Achieving real-time inference at scale is now the central challenge of AI infrastructure. But the real bottleneck isn’t GPU compute. It’s something most teams haven’t even looked at yet: key-value (KV) cache. So what is this important concept?

KV cache is the working memory of AI inference. It makes it possible for the model to remember what it has processed before, eliminating the need to recalculate everything again from scratch. This allows it to build on past conversations to deliver faster answers and a more natural user experience.

But KV cache isn’t unlimited. As demands on it explode, the GPU memory where KV cache lives can’t keep up, creating a bottleneck that limits inference. Understanding how KV cache works is key to knowing how to extend it – and making your AI infrastructure inference-ready.

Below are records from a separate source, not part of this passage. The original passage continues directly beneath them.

(* Let $\Delta$ be a finite, flag, simply connected simplicial complex, with $\mathcal{P}_H$, $q$, $T$, $p_n$, $L$, $w_e$ and $\Phi_n$ as in the context, and let $K$ be a constant such that $\mathrm{Area}_{\mathcal{P}_H}\big(p_n(q,\iota e)\,e^n\,p_n(\tau e,q)\big)\le K|n|^2$ for all $e\in\mathrm{Edge}(\Delta)$ and $n\in\mathbb{Z}$. Then for all $e\in\mathrm{Edge}(\Delta)$ and $n\in\mathbb{Z}$, $\mathrm{Area}_{\mathcal{P}_H}\big(\Phi_{n+1}(e)\,\Phi_n(w_e)^{-1}\big)\le 2K|n|^2+(3L^2+2L+2K)|n|+L+K$.
   Context: $\mathrm{Edge}(\Delta)$ is the set of directed edges of $\Delta$; for $e$ in it, $\iota e$, $\tau e$ are its initial and terminal vertices and $\overline{e}$ is the reversed edge. $e_1\cdot\ldots\cdot e_l$ is a combinatorial path if $\tau e_i=\iota e_{i+1}$, and a combinatorial 1-cycle if also $\tau e_l=\iota e_1$. $\mathcal{P}_H=\langle\mathrm{Edge}(\Delta)\mid\mathcal{R}_H\rangle$ where $\mathcal{R}_H$ consists of the words $e\overline{e}$ ($e\in\mathrm{Edge}(\Delta)$) and $efg$, $e^{-1}f^{-1}g^{-1}$ for every combinatorial 1-cycle $e\cdot f\cdot g$. $\mathrm{Area}_{\mathcal{P}_H}(w)$ is the least $m$ such that $w$ is freely equal to $\prod_{i=1}^m x_ir_ix_i^{-1}$ with $r_i\in\mathcal{R}_H^{\pm1}$. For a letter $e$ and $k\in\mathbb{Z}$, $e^k$ is the word of $k$ copies of $e$ if $k\ge0$ and $|k|$ copies of $e^{-1}$ if $k<0$. Fix a vertex $q$ and a spanning tree $T$ of the 1-skeleton of $\Delta$; $p_n(u,v)=e_1^n\cdots e_l^n$ where $e_1\cdot\ldots\cdot e_l$ is the unique geodesic combinatorial path in $T$ from $u$ to $v$, and $p(u,v)=p_1(u,v)$. For $e\in\mathrm{Edge}(\Delta)$, $w_e=p(q,\iota e)\,e\,p(\iota e,q)$. $L$ is the maximum over vertices $u,v$ of their edge-path distance in $T$. $\Phi_n$ ($n\in\mathbb{Z}$) is the endomorphism of the free monoid on $\mathrm{Edge}(\Delta)^{\pm1}$ with $\Phi_n(e)=p_n(q,\iota e)\,e^{n+1}\,p_n(\tau e,q)$ and $\Phi_n(e^{-1})=\Phi_n(e)^{-1}$ (formal inverse word). *)

theory Defs
  imports "HOL-Analysis.Analysis" "HOL-Library.Extended_Real"
begin

text \<open>A simplicial complex on vertex type 'v is a set of nonempty finite vertex sets,
closed under nonempty subsets. Since 'v is required to be finite below, the complex is finite.\<close>

definition simplicial_complex :: "'v set set \<Rightarrow> bool" where
  "simplicial_complex \<Delta> \<longleftrightarrow>
     (\<forall>\<sigma>\<in>\<Delta>. finite \<sigma> \<and> \<sigma> \<noteq> {} \<and> (\<forall>\<tau>. \<tau> \<subseteq> \<sigma> \<and> \<tau> \<noteq> {} \<longrightarrow> \<tau> \<in> \<Delta>))"

definition vertices :: "'v set set \<Rightarrow> 'v set" where
  "vertices \<Delta> = \<Union>\<Delta>"

definition flag :: "'v set set \<Rightarrow> bool" where
  "flag \<Delta> \<longleftrightarrow>
     (\<forall>\<sigma>. finite \<sigma> \<and> \<sigma> \<noteq> {} \<and> \<sigma> \<subseteq> vertices \<Delta> \<and>
          (\<forall>u\<in>\<sigma>. \<forall>v\<in>\<sigma>. u \<noteq> v \<longrightarrow> {u, v} \<in> \<Delta>) \<longrightarrow> \<sigma> \<in> \<Delta>)"

definition realization :: "('v::finite) set set \<Rightarrow> (real ^ 'v) set" where
  "realization \<Delta> = {x. (\<forall>i. 0 \<le> x $ i) \<and> (\<Sum>i\<in>UNIV. x $ i) = 1 \<and> {i. x $ i \<noteq> 0} \<in> \<Delta>}"

definition Edge :: "'v set set \<Rightarrow> ('v \<times> 'v) set" where
  "Edge \<Delta> = {(u, v). u \<noteq> v \<and> {u, v} \<in> \<Delta>}"

abbreviation iota :: "'v \<times> 'v \<Rightarrow> 'v" where "iota e \<equiv> fst e"
abbreviation tau :: "'v \<times> 'v \<Rightarrow> 'v" where "tau e \<equiv> snd e"
abbreviation rev_edge :: "'v \<times> 'v \<Rightarrow> 'v \<times> 'v" where "rev_edge e \<equiv> prod.swap e"

fun cpath :: "('v \<times> 'v) set \<Rightarrow> 'v \<Rightarrow> 'v \<Rightarrow> ('v \<times> 'v) list \<Rightarrow> bool" where
  "cpath E u v [] = (u = v)"
| "cpath E u v (e # es) = (e \<in> E \<and> iota e = u \<and> cpath E (tau e) v es)"

definition tree_edges :: "'v set set \<Rightarrow> ('v \<times> 'v) set" where
  "tree_edges T = {(u, v). u \<noteq> v \<and> {u, v} \<in> T}"

definition spanning_tree :: "'v set set \<Rightarrow> 'v set set \<Rightarrow> bool" where
  "spanning_tree \<Delta> T \<longleftrightarrow>
     T \<subseteq> {\<sigma> \<in> \<Delta>. card \<sigma> = 2} \<and>
     (\<forall>u\<in>vertices \<Delta>. \<forall>v\<in>vertices \<Delta>. \<exists>es. cpath (tree_edges T) u v es) \<and>
     \<comment> \<open>acyclic: no simple cycle of length at least 3\<close>
     (\<nexists>u es. 3 \<le> length es \<and> cpath (tree_edges T) u u es \<and> distinct (map iota es))"

definition tgeod :: "'v set set \<Rightarrow> 'v \<Rightarrow> 'v \<Rightarrow> ('v \<times> 'v) list" where
  "tgeod T u v = (THE es. cpath (tree_edges T) u v es \<and>
       (\<forall>es'. cpath (tree_edges T) u v es' \<longrightarrow> length es \<le> length es'))"

definition Ldiam :: "'v set set \<Rightarrow> 'v set set \<Rightarrow> nat" where
  "Ldiam \<Delta> T = Max {length (tgeod T u v) | u v. u \<in> vertices \<Delta> \<and> v \<in> vertices \<Delta>}"

text \<open>A letter (e, True) is e, a letter (e, False) is e^{-1}.\<close>
type_synonym 'v letter = "('v \<times> 'v) \<times> bool"

definition inv_letter :: "'v letter \<Rightarrow> 'v letter" where
  "inv_letter a = (fst a, \<not> snd a)"

definition inv_word :: "'v letter list \<Rightarrow> 'v letter list" where
  "inv_word w = rev (map inv_letter w)"

definition lpow :: "'v \<times> 'v \<Rightarrow> int \<Rightarrow> 'v letter list" where
  "lpow e k = (if 0 \<le> k then replicate (nat k) (e, True) else replicate (nat (- k)) (e, False))"

definition free_step :: "'v letter list \<Rightarrow> 'v letter list \<Rightarrow> bool" where
  "free_step w w' \<longleftrightarrow> (\<exists>xs ys a. w = xs @ [a, inv_letter a] @ ys \<and> w' = xs @ ys)"

definition freely_equal :: "'v letter list \<Rightarrow> 'v letter list \<Rightarrow> bool" where
  "freely_equal = (sup free_step free_step\<inverse>\<inverse>)\<^sup>*\<^sup>*"

definition RH :: "'v set set \<Rightarrow> 'v letter list set" where
  "RH \<Delta> =
     {[(e, True), (rev_edge e, True)] | e. e \<in> Edge \<Delta>} \<union>
     {[(e, True), (f, True), (g, True)] | e f g. e \<in> Edge \<Delta> \<and> f \<in> Edge \<Delta> \<and> g \<in> Edge \<Delta> \<and>
         tau e = iota f \<and> tau f = iota g \<and> tau g = iota e} \<union>
     {[(e, False), (f, False), (g, False)] | e f g. e \<in> Edge \<Delta> \<and> f \<in> Edge \<Delta> \<and> g \<in> Edge \<Delta> \<and>
         tau e = iota f \<and> tau f = iota g \<and> tau g = iota e}"

text \<open>Area: least m such that w is freely equal to a product of m conjugates of
relators or their inverses; \<infinity> if there is no such m.\<close>
definition Area :: "'v letter list set \<Rightarrow> 'v letter list \<Rightarrow> enat" where
  "Area R w = (INF m \<in> {m. \<exists>xs rs. length xs = m \<and> length rs = m \<and>
        (\<forall>r\<in>set rs. r \<in> R \<or> inv_word r \<in> R) \<and>
        freely_equal w (concat (map (\<lambda>(x, r). x @ r @ inv_word x) (zip xs rs)))}. enat m)"

definition pn :: "'v set set \<Rightarrow> int \<Rightarrow> 'v \<Rightarrow> 'v \<Rightarrow> 'v letter list" where
  "pn T n u v = concat (map (\<lambda>e. lpow e n) (tgeod T u v))"

definition we :: "'v set set \<Rightarrow> 'v \<Rightarrow> 'v \<times> 'v \<Rightarrow> 'v letter list" where
  "we T q e = pn T 1 q (iota e) @ [(e, True)] @ pn T 1 (iota e) q"

definition Phi_letter :: "'v set set \<Rightarrow> 'v \<Rightarrow> int \<Rightarrow> 'v letter \<Rightarrow> 'v letter list" where
  "Phi_letter T q n a =
     (let w = pn T n q (iota (fst a)) @ lpow (fst a) (n + 1) @ pn T n (tau (fst a)) q
      in if snd a then w else inv_word w)"

definition Phi :: "'v set set \<Rightarrow> 'v \<Rightarrow> int \<Rightarrow> 'v letter list \<Rightarrow> 'v letter list" where
  "Phi T q n w = concat (map (Phi_letter T q n) w)"

end

theory Submission
  imports Defs
begin

text \<open>
  Measure the cost of replacing a word by another by the area of their quotient; this is a
  pseudometric on words which ignores free reductions and is invariant under multiplication on
  either side. Let A_m be the word obtained by raising each edge of the tree geodesic from q to
  the initial vertex of e (of length k \<le> L) to the m-th power, and B_m the same for the reversed
  geodesic. Cancelling f^-m f^m costs |m| relators f f^-1, so B_m A_m has area at most k|m|,
  and induction along the geodesic moves Phi_n(A_1) to A_(n+1) B_n and Phi_n(B_1) to
  A_n B_(n+1) at cost k^2 |n| each. After these moves both Phi_n(w_e) and Phi_(n+1)(e) reduce
  to A_(n+1) e A_(n+1)^-1, using the hypothesis once at n and once at n + 1; adding up the
  costs gives the bound.
\<close>

lemma inv_letter_inv_letter [simp]: "inv_letter (inv_letter a) = a"
  by (simp add: inv_letter_def)

lemma inv_word_Nil [simp]: "inv_word [] = []"
  and inv_word_append [simp]: "inv_word (u @ v) = inv_word v @ inv_word u"
  and inv_word_Cons [simp]: "inv_word (a # w) = inv_word w @ [inv_letter a]"
  and inv_word_inv_word [simp]: "inv_word (inv_word w) = w"
  by (simp_all add: inv_word_def rev_map[symmetric] comp_def)

lemma inv_word_concat: "inv_word (concat ws) = concat (rev (map inv_word ws))"
  by (induction ws) auto

lemma freely_equal_refl [simp]: "freely_equal w w"
  by (simp add: freely_equal_def)

lemma freely_equal_trans [trans]: "freely_equal u v \<Longrightarrow> freely_equal v w \<Longrightarrow> freely_equal u w"
  unfolding freely_equal_def by (rule rtranclp_trans)

lemma freely_equal_sym: "freely_equal w w' \<Longrightarrow> freely_equal w' w"
  unfolding freely_equal_def symclp_pointfree[symmetric] by (rule rtranclp_symclp_sym)

lemma freely_equal_map:
  assumes "\<And>u u'. free_step u u' \<Longrightarrow> free_step (f u) (f u')" and "freely_equal w w'"
  shows "freely_equal (f w) (f w')"
proof -
  have "(sup free_step free_step\<inverse>\<inverse>) (f u) (f u')"
    if "(sup free_step free_step\<inverse>\<inverse>) u u'" for u u'
    using that assms(1) by auto
  with assms(2) show ?thesis
    unfolding freely_equal_def
    by (induction rule: rtranclp_induct) (auto intro: rtranclp.rtrancl_into_rtrancl)
qed

lemma free_step_context: "free_step w w' \<Longrightarrow> free_step (x @ w @ y) (x @ w' @ y)"
  unfolding free_step_def by (clarify, rule exI[of _ "x @ _"], rule exI[of _ "_ @ y"]) auto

KV Cache, Explained Simply

KV caching is a technique used to speed up inference. As an LLM generates a response, the KV cache is where it can store and quickly retrieve computations. This allows the AI to remember what it has previously processed so that it doesn’t have to use additional time or compute to recalculate a response from scratch.

KV cache gets its name from the mathematical representations of memory: keys are the unique identifiers and values are the actual content. Because LLMs are autoregressive, meaning they calculate and predict each token in a sequence based on previous calculations, the immediate paths contained in the KV cache mean that the model can simply read what’s come before as it predicts the next token at each step and adds to the cache.

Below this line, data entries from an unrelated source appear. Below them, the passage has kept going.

(* Let $p\in\mathbb{C}[x]$ of degree $n\ge 2$ have $k\ge2$ distinct roots, let $\hat z_1,\dots,\hat z_n\in\mathbb{C}$, $\hat p:=p_n\prod_{j=1}^n(x-\hat z_j)$, and suppose $\|p-\hat p\|_1\le 2^{-b}\|p\|_1$, where $b$ is a power of two with $b\ge\max(8n,n\log n)$ and, for all $i=1,\dots,k$, $$2^{-b/(2m_i)}\le \frac{1}{2n^2},\qquad 2^{-b/(2m_i)}\le\frac{\sigma_i}{2n},\qquad 2^{-b/2}\le \frac{|P_i|}{16(n+1)2^{\tau_p}M(z_i)^n}.$$ Then for every $i$, the disk $\Delta(z_i,2^{-b/(2m_i)})$ contains exactly $m_i$ of the points $\hat z_1,\dots,\hat z_n$ (counted with repetition by index). Moreover, for $i\ne j$ and any $\hat z\in\Delta(z_i,2^{-b/(2m_i)})$, $\hat z'\in\Delta(z_j,2^{-b/(2m_j)})$ among these points, $$\Big(1-\frac1n\Big)|z_i-z_j|\le|\hat z-\hat z'|\le\Big(1+\frac1n\Big)|z_i-z_j|.$$
   Context: Logarithms are base 2; $M(x)=\max(1,|x|)$; $\Delta(z,r)$ is the closed disk of center $z$ and radius $r$. Write $p=\sum_i p_ix^i=p_n\prod_{j=1}^k(x-z_j)^{m_j}$ with distinct roots $z_j$ of multiplicities $m_j$; $\|p\|_1=\sum_i|p_i|$; $\tau_p$ is the smallest non-negative integer with $|p_i|/|p_n|\le2^{\tau_p}$ for all $i<n$; $\sigma_i:=\min_{j\ne i}|z_i-z_j|$; $P_i:=\prod_{j\ne i}(z_i-z_j)^{m_j}$. *)

theory Defs
  imports "HOL-Analysis.Analysis" "HOL-Computational_Algebra.Polynomial"
begin

definition root_set :: "complex poly \<Rightarrow> complex set" where
  "root_set p = {z. poly p z = 0}"

definition norm1 :: "complex poly \<Rightarrow> real" where
  "norm1 p = (\<Sum>i\<le>degree p. cmod (coeff p i))"

definition tau :: "complex poly \<Rightarrow> nat" where
  "tau p = (LEAST t::nat. \<forall>i<degree p. cmod (coeff p i) / cmod (lead_coeff p) \<le> 2 ^ t)"

definition Mx :: "complex \<Rightarrow> real" where
  "Mx x = max 1 (cmod x)"

definition sep :: "complex poly \<Rightarrow> complex \<Rightarrow> real" where
  "sep p z = Min ((\<lambda>w. cmod (z - w)) ` (root_set p - {z}))"

definition Pprod :: "complex poly \<Rightarrow> complex \<Rightarrow> complex" where
  "Pprod p z = (\<Prod>w\<in>root_set p - {z}. (z - w) ^ order w p)"

end

theory Submission
  imports Defs "HOL-Computational_Algebra.Fundamental_Theorem_Algebra"
begin

text \<open>
  Near a root z of multiplicity m, p behaves like lc * P_z * (x - z)^m, and the hypotheses make
  |p - ph| smaller than |p| on the annulus r <= |x - z| <= 2 r (where r = 2^(-b/(2m))); in
  particular no approximate root lies in that annulus. The roots inside the disk are counted
  without Rouche's theorem: the product of |q| over the N points u with u^N = t^N equals
  |lc|^N times the product of |t^N - y^N| over the roots z + y of q, which for N = 30 n is
  t^(N * #roots inside) times a quantity independent of t, up to a factor 2^(+-n). Comparing p
  and ph on the circles of radii 21 r / 20 and 39 r / 20 shows that ph has at least m roots in
  the disk of radius r. The disks are disjoint and ph has n roots, so each contains exactly m.
  The distance estimates follow from the triangle inequality, since r_z + r_w <= |z - w| / n.
\<close>

lemma poly_eq_lead_coeff_prod_roots:
  fixes q :: "complex poly"
  shows "poly q y = lead_coeff q * (\<Prod>x\<in>{x. poly q x = 0}. (y - x) ^ order x q)"
proof -
  have "poly (smult (lead_coeff q) (\<Prod>z|poly q z = 0. [:-z, 1:] ^ order z q)) y = poly q y"
    by (subst complex_poly_decompose) simp
  thus ?thesis by (simp add: poly_prod)
qed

For example, say you’ve asked the model to complete the sentence, “That’s one small step for…” After it predicts “man,” it can’t predict the next token without knowing the attention score (a measure of relationship and relevance) between every previous token. Without KV cache, this requires redundant recomputations, a process that can make the responses feel impossibly slow. 

  1. That’s one small step for…
  2. That’s one small step for man…
  3. That’s one small step for man, one…
  4. That’s one small step for man, one giant…
  5. That’s one small step for man, one giant leap…

This illustrates why KV cache is essential: without it, every new token requires recalculating every previous relationship in the sequence.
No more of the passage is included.